10 En men schreef in den naam van den koning Ahasveros, en men verzegelde het met des konings ring; en men zond de brieven door de hand der lopers te paard, rijdende op snelle kemelen, op muildieren, van merrien geteeld;
The letters were sent in the name of King Ahasuerus and stamped with his ring, and they were taken by men on horseback, going on the quick-running horses used for the king's business, the offspring of his best horses:
11 Dat de koning den Joden toeliet, die in elke stad waren, zich te vergaderen, en voor hun leven te staan, om te verdelgen, om te doden en om om te brengen alle macht des volks en des landschaps, die hen benauwen zou, de kleine kinderen en de vrouwen, en hun buit te roven;
In these letters the king gave authority to the Jews in every town to come together and make a fight for their lives, and to send death and destruction on the power of any people in any part of the kingdom attacking them or their children or their women, and to take their goods from them by force,
12 Op een dag in al de landschappen van den koning Ahasveros, op den dertienden der twaalfde maand; deze is de maand Adar.
On one day in every division of the kingdom of Ahasuerus, that is, on the thirteenth day of the twelfth month, the month Adar.
13 De inhoud van dit geschrift was: dat een wet zou gegeven worden in alle landschappen, openbaar aan alle volken; en dat de Joden gereed zouden zijn tegen dien dag, om zich te wreken aan hun vijanden.
A copy of the writing, to be made public as an order in every division of the kingdom, was given out to all the peoples, so that the Jews might be ready when that day came to give punishment to their haters.
14 De lopers, die op snelle kemelen reden en op muildieren, togen snellijk uit, aangedreven zijnde door het woord des konings. Deze wet nu werd gegeven op den burg Susan.
So the men went out on the quick-running horses used on the king's business, wasting no time and forced on by the king's order; and the order was given out in Shushan, the king's town.
15 En Mordechai ging uit van voor het aangezicht des konings in een hemelsblauw en wit koninklijk kleed, en met een grote gouden kroon, en met een opperkleed van fijn linnen en purper; en de stad Susan juichte en was vrolijk.
And Mordecai went out from before the king, dressed in king-like robes of blue and white, and with a great crown of gold and clothing of purple and the best linen: and all the town of Shushan gave loud cries of joy.

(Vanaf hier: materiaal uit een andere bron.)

(* Let $G$ be a graph and $k\ge1$. Then $M_k(G)$ is a trivial matroid if and only if $G$ has no subgraph $F$ such that $F$ is a cacti-graph and $\Delta F=k$.
   Context: Graphs are finite, may have loops and parallel edges, and have no isolated vertices. A leaf is a vertex incident to exactly one edge, which is not a loop. $\Delta H=|E(H)|-|V(H)|$. A cacti-graph is a graph with no isolated vertices, no leaves, and no component that is a cycle. For $X\subseteq E(G)$, $G\langle X\rangle$ is the subgraph with edge set $X$ and vertex set the vertices incident to $X$. For $k\ge0$, $M_k(G)$ is the matroid on $E(G)$ whose circuits are the inclusion-minimal members of $\{C\subseteq E(G):C\neq\emptyset,\ |C|=|V(G\langle C\rangle)|+k\}$. A matroid on $E$ is trivial if $E$ is a base or a cobase (equivalently it has no circuit or no cocircuit), and non-trivial otherwise. *)

theory Defs
  imports Main
begin

text \<open>A graph (loops and parallel edges allowed, no isolated vertices) is given by a
  finite edge set E and an incidence map ends, assigning to each edge its set of
  one (loop) or two end vertices. Vertices are exactly the vertices incident to edges.\<close>

definition is_graph :: "'e set \<Rightarrow> ('e \<Rightarrow> 'v set) \<Rightarrow> bool" where
  "is_graph E ends \<longleftrightarrow> finite E \<and> (\<forall>e\<in>E. card (ends e) = 1 \<or> card (ends e) = 2)"

definition verts :: "('e \<Rightarrow> 'v set) \<Rightarrow> 'e set \<Rightarrow> 'v set" where
  "verts ends X = (\<Union>e\<in>X. ends e)"

definition Delta :: "('e \<Rightarrow> 'v set) \<Rightarrow> 'e set \<Rightarrow> int" where
  "Delta ends X = int (card X) - int (card (verts ends X))"

definition is_leaf :: "('e \<Rightarrow> 'v set) \<Rightarrow> 'e set \<Rightarrow> 'v \<Rightarrow> bool" where
  "is_leaf ends X v \<longleftrightarrow> (\<exists>e. {f\<in>X. v \<in> ends f} = {e} \<and> card (ends e) = 2)"

definition degree :: "('e \<Rightarrow> 'v set) \<Rightarrow> 'e set \<Rightarrow> 'v \<Rightarrow> nat" where
  "degree ends X v = (\<Sum>e\<in>{f\<in>X. v \<in> ends f}. if card (ends e) = 1 then 2 else 1)"

definition adj :: "('e \<Rightarrow> 'v set) \<Rightarrow> 'e set \<Rightarrow> 'v \<Rightarrow> 'v \<Rightarrow> bool" where
  "adj ends X u w \<longleftrightarrow> (\<exists>e\<in>X. u \<in> ends e \<and> w \<in> ends e)"

definition connected_edges :: "('e \<Rightarrow> 'v set) \<Rightarrow> 'e set \<Rightarrow> bool" where
  "connected_edges ends X \<longleftrightarrow>
     (\<forall>u\<in>verts ends X. \<forall>w\<in>verts ends X. (adj ends X)\<^sup>*\<^sup>* u w)"

definition component :: "('e \<Rightarrow> 'v set) \<Rightarrow> 'e set \<Rightarrow> 'v \<Rightarrow> 'e set" where
  "component ends X v = {e\<in>X. \<exists>u\<in>ends e. (adj ends X)\<^sup>*\<^sup>* v u}"

definition is_cycle :: "('e \<Rightarrow> 'v set) \<Rightarrow> 'e set \<Rightarrow> bool" where
  "is_cycle ends Y \<longleftrightarrow> Y \<noteq> {} \<and> connected_edges ends Y \<and>
     (\<forall>u\<in>verts ends Y. degree ends Y u = 2)"

text \<open>G<X> is a cacti-graph (it has no isolated vertices by construction).\<close>
definition is_cacti :: "('e \<Rightarrow> 'v set) \<Rightarrow> 'e set \<Rightarrow> bool" where
  "is_cacti ends X \<longleftrightarrow> (\<forall>v\<in>verts ends X. \<not> is_leaf ends X v) \<and>
     (\<forall>v\<in>verts ends X. \<not> is_cycle ends (component ends X v))"

definition Mk_circuit :: "'e set \<Rightarrow> ('e \<Rightarrow> 'v set) \<Rightarrow> nat \<Rightarrow> 'e set \<Rightarrow> bool" where
  "Mk_circuit E ends k C \<longleftrightarrow>
     C \<subseteq> E \<and> C \<noteq> {} \<and> card C = card (verts ends C) + k \<and>
     (\<forall>D. D \<subset> C \<longrightarrow> \<not> (D \<noteq> {} \<and> card D = card (verts ends D) + k))"

definition Mk_indep :: "'e set \<Rightarrow> ('e \<Rightarrow> 'v set) \<Rightarrow> nat \<Rightarrow> 'e set \<Rightarrow> bool" where
  "Mk_indep E ends k I \<longleftrightarrow> I \<subseteq> E \<and> (\<forall>C. Mk_circuit E ends k C \<longrightarrow> \<not> C \<subseteq> I)"

definition Mk_base :: "'e set \<Rightarrow> ('e \<Rightarrow> 'v set) \<Rightarrow> nat \<Rightarrow> 'e set \<Rightarrow> bool" where
  "Mk_base E ends k B \<longleftrightarrow> Mk_indep E ends k B \<and>
     (\<forall>I. Mk_indep E ends k I \<longrightarrow> B \<subseteq> I \<longrightarrow> I = B)"

text \<open>Trivial: E is a base or a cobase (i.e. E - E = {} is a base).\<close>
definition Mk_trivial :: "'e set \<Rightarrow> ('e \<Rightarrow> 'v set) \<Rightarrow> nat \<Rightarrow> bool" where
  "Mk_trivial E ends k \<longleftrightarrow> Mk_base E ends k E \<or> Mk_base E ends k (E - E)"

end

theory Submission
  imports Defs
begin

text \<open>A graph has a circuit of \<open>M\<^sub>k\<close> iff it has an edge set \<open>X\<close> with \<open>\<Delta>X = k\<close>,
  since an inclusion-minimal such set is a circuit; and \<open>M\<^sub>k\<close> is trivial iff it has no
  circuit, because for \<open>k \<ge> 1\<close> every single edge is independent. An inclusion-minimal
  edge set with \<open>\<Delta>X \<ge> k\<close> is a cacti-graph with \<open>\<Delta>X = k\<close>: deleting one edge lowers \<open>\<Delta>\<close> by
  at most one, while deleting the edge at a leaf or a whole cycle component does not
  lower it at all.\<close>

lemma is_graph_subset: "is_graph E ends \<Longrightarrow> X \<subseteq> E \<Longrightarrow> is_graph X ends"
  unfolding is_graph_def by (blast intro: finite_subset)

lemma card_ends_pos: "is_graph E ends \<Longrightarrow> e \<in> E \<Longrightarrow> card (ends e) \<ge> 1"
  unfolding is_graph_def by force

lemma finite_verts:
  assumes "is_graph X ends"
  shows "finite (verts ends X)"
  unfolding verts_def
proof (rule finite_UN_I)
  show "finite X" using assms unfolding is_graph_def by blast
  show "finite (ends e)" if "e \<in> X" for e
    using card_ends_pos[OF assms that] by (simp add: card_ge_0_finite)
qed

lemma verts_mono: "X \<subseteq> Y \<Longrightarrow> verts ends X \<subseteq> verts ends Y"
  unfolding verts_def by blast

lemma verts_empty [simp]: "verts ends {} = {}"
  unfolding verts_def by simp

lemma Delta_empty [simp]: "Delta ends {} = 0"
  unfolding Delta_def by simp

lemma ex_minimal_subset:
  assumes "finite X" and "P X"
  shows "\<exists>Y\<subseteq>X. P Y \<and> (\<forall>Z\<subset>Y. \<not> P Z)"
  using assms
proof (induction X rule: finite_psubset_induct)
  case (psubset X)
  show ?case
  proof (cases "\<exists>Z\<subset>X. P Z")
    case True
    then obtain Z where Z: "Z \<subset> X" "P Z" by blast
    from psubset.IH[OF Z] obtain Y where "Y \<subseteq> Z" "P Y" "\<forall>Z'\<subset>Y. \<not> P Z'" by blast
    with Z(1) show ?thesis by (intro exI[of _ Y]) auto
  next
    case False
    with psubset.prems show ?thesis by (intro exI[of _ X]) auto
  qed
qed

lemma Delta_Diff_singleton_ge:
  assumes "is_graph X ends" and "e \<in> X"
  shows "Delta ends (X - {e}) \<ge> Delta ends X - 1"
proof -
  have "card (verts ends (X - {e})) \<le> card (verts ends X)"
    using assms by (intro card_mono finite_verts verts_mono) auto
  moreover have "card (X - {e}) = card X - 1" "card X \<ge> 1"
    using assms by (auto simp: is_graph_def card_gt_0_iff Suc_le_eq)
  ultimately show ?thesis unfolding Delta_def by linarith
qed

lemma Delta_Diff_leaf_edge_ge:
  assumes "is_graph X ends" and "{f\<in>X. v \<in> ends f} = {e}"
  shows "Delta ends (X - {e}) \<ge> Delta ends X"
proof -
  have fV: "finite (verts ends X)" using assms(1) by (rule finite_verts)
  have v: "v \<in> verts ends X" and eX: "e \<in> X" using assms(2) unfolding verts_def by blast+
  have "verts ends (X - {e}) \<subseteq> verts ends X - {v}"
    using assms(2) unfolding verts_def by blast
  hence "card (verts ends (X - {e})) \<le> card (verts ends X - {v})"
    using fV by (intro card_mono) auto
  also have "\<dots> = card (verts ends X) - 1" using fV v by simp
  finally have "card (verts ends (X - {e})) \<le> card (verts ends X) - 1" .
  moreover have "card (verts ends X) \<ge> 1" using fV v by (auto simp: card_gt_0_iff Suc_le_eq)
  moreover have "card (X - {e}) = card X - 1" "card X \<ge> 1"
    using assms(1) eX by (auto simp: is_graph_def card_gt_0_iff Suc_le_eq)
  ultimately show ?thesis unfolding Delta_def by linarith
qed

lemma sum_degree:
  assumes "is_graph Y ends"
  shows "(\<Sum>v\<in>verts ends Y. degree ends Y v) = 2 * card Y"
proof -
  define w where "w e = (if card (ends e) = 1 then 2 else (1::nat))" for e
  have fY: "finite Y" and fV: "finite (verts ends Y)"
    using assms finite_verts unfolding is_graph_def by blast+
  have "degree ends Y v = (\<Sum>e\<in>Y. if v \<in> ends e then w e else 0)" for v
    unfolding degree_def w_def[symmetric] using sum.inter_filter[OF fY, of w "\<lambda>e. v \<in> ends e"] by simp
  hence "(\<Sum>v\<in>verts ends Y. degree ends Y v)
        = (\<Sum>v\<in>verts ends Y. \<Sum>e\<in>Y. if v \<in> ends e then w e else 0)"
    by simp
  also have "\<dots> = (\<Sum>e\<in>Y. \<Sum>v\<in>verts ends Y. if v \<in> ends e then w e else 0)"
    by (rule sum.swap)
  also have "\<dots> = (\<Sum>e\<in>Y. w e * card (ends e))"
  proof (rule sum.cong[OF refl])
    fix e assume "e \<in> Y"
    hence "{v\<in>verts ends Y. v \<in> ends e} = ends e" unfolding verts_def by blast
    thus "(\<Sum>v\<in>verts ends Y. if v \<in> ends e then w e else 0) = w e * card (ends e)"
      using sum.inter_filter[OF fV, of "\<lambda>v. w e" "\<lambda>v. v \<in> ends e"] by (simp add: mult.commute)
  qed
  also have "\<dots> = (\<Sum>e\<in>Y. 2)"
    using assms unfolding is_graph_def w_def by (intro sum.cong) auto
  finally show ?thesis by simp
qed

lemma Delta_cycle:
  assumes "is_graph Y ends" and "is_cycle ends Y"
  shows "Delta ends Y = 0"
proof -
  have "(\<Sum>v\<in>verts ends Y. degree ends Y v) = 2 * card (verts ends Y)"
    using assms(2) unfolding is_cycle_def by simp
  thus ?thesis using sum_degree[OF assms(1)] unfolding Delta_def by simp
qed

lemma verts_Diff_component:
  "verts ends (X - component ends X v) = verts ends X - verts ends (component ends X v)"
  (is "verts ends (X - ?C) = _")
proof -
  have "w \<notin> verts ends ?C" if f: "f \<in> X" "f \<notin> ?C" "w \<in> ends f" for f w
  proof
    assume "w \<in> verts ends ?C"
    then obtain e u where "e \<in> X" "w \<in> ends e" "u \<in> ends e" "(adj ends X)\<^sup>*\<^sup>* v u"
      unfolding verts_def component_def by blast
    hence "(adj ends X)\<^sup>*\<^sup>* v w" by (meson adj_def rtranclp.rtrancl_into_rtrancl)
    thus False using f unfolding component_def by blast
  qed
  thus ?thesis unfolding verts_def by blast
qed

lemma Delta_Diff_cycle_component:
  assumes "is_graph X ends" and "is_cycle ends (component ends X v)"
  shows "Delta ends (X - component ends X v) = Delta ends X"
proof -
  let ?C = "component ends X v"
  have CX: "?C \<subseteq> X" unfolding component_def by blast
  have gC: "is_graph ?C ends" using is_graph_subset[OF assms(1) CX] .
  have "card (X - ?C) = card X - card ?C" "card ?C \<le> card X"
    using assms(1) CX by (auto simp: is_graph_def card_Diff_subset card_mono finite_subset)
  moreover have "card (verts ends (X - ?C)) = card (verts ends X) - card (verts ends ?C)"
    "card (verts ends ?C) \<le> card (verts ends X)"
    using finite_verts[OF assms(1)] card_Diff_subset[OF finite_verts[OF gC] verts_mono[OF CX]]
    by (auto simp: verts_Diff_component intro: card_mono[OF finite_verts[OF assms(1)] verts_mono[OF CX]])
  moreover have "Delta ends ?C = 0" using Delta_cycle[OF gC assms(2)] .
  ultimately show ?thesis unfolding Delta_def by linarith
qed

16 Bij de Joden was licht, en blijdschap, en vreugde, en eer;
And the Jews had light and joy and honour.
17 Ook in alle en een ieder landschap, en in alle en een iedere stad, ter plaatse, waar des konings woord en zijn wet aankwam, daar was bij de Joden blijdschap en vreugde, maaltijden en vrolijke dagen; en velen uit de volken des lands werden Joden, want de vreze der Joden was op hen gevallen.
And in every part of the kingdom and in every town, wherever the king's letter and his order came, the Jews were glad with great joy, and had a feast and a good day. And a great number of the people of the land became Jews: for the fear of the Jews had come on them.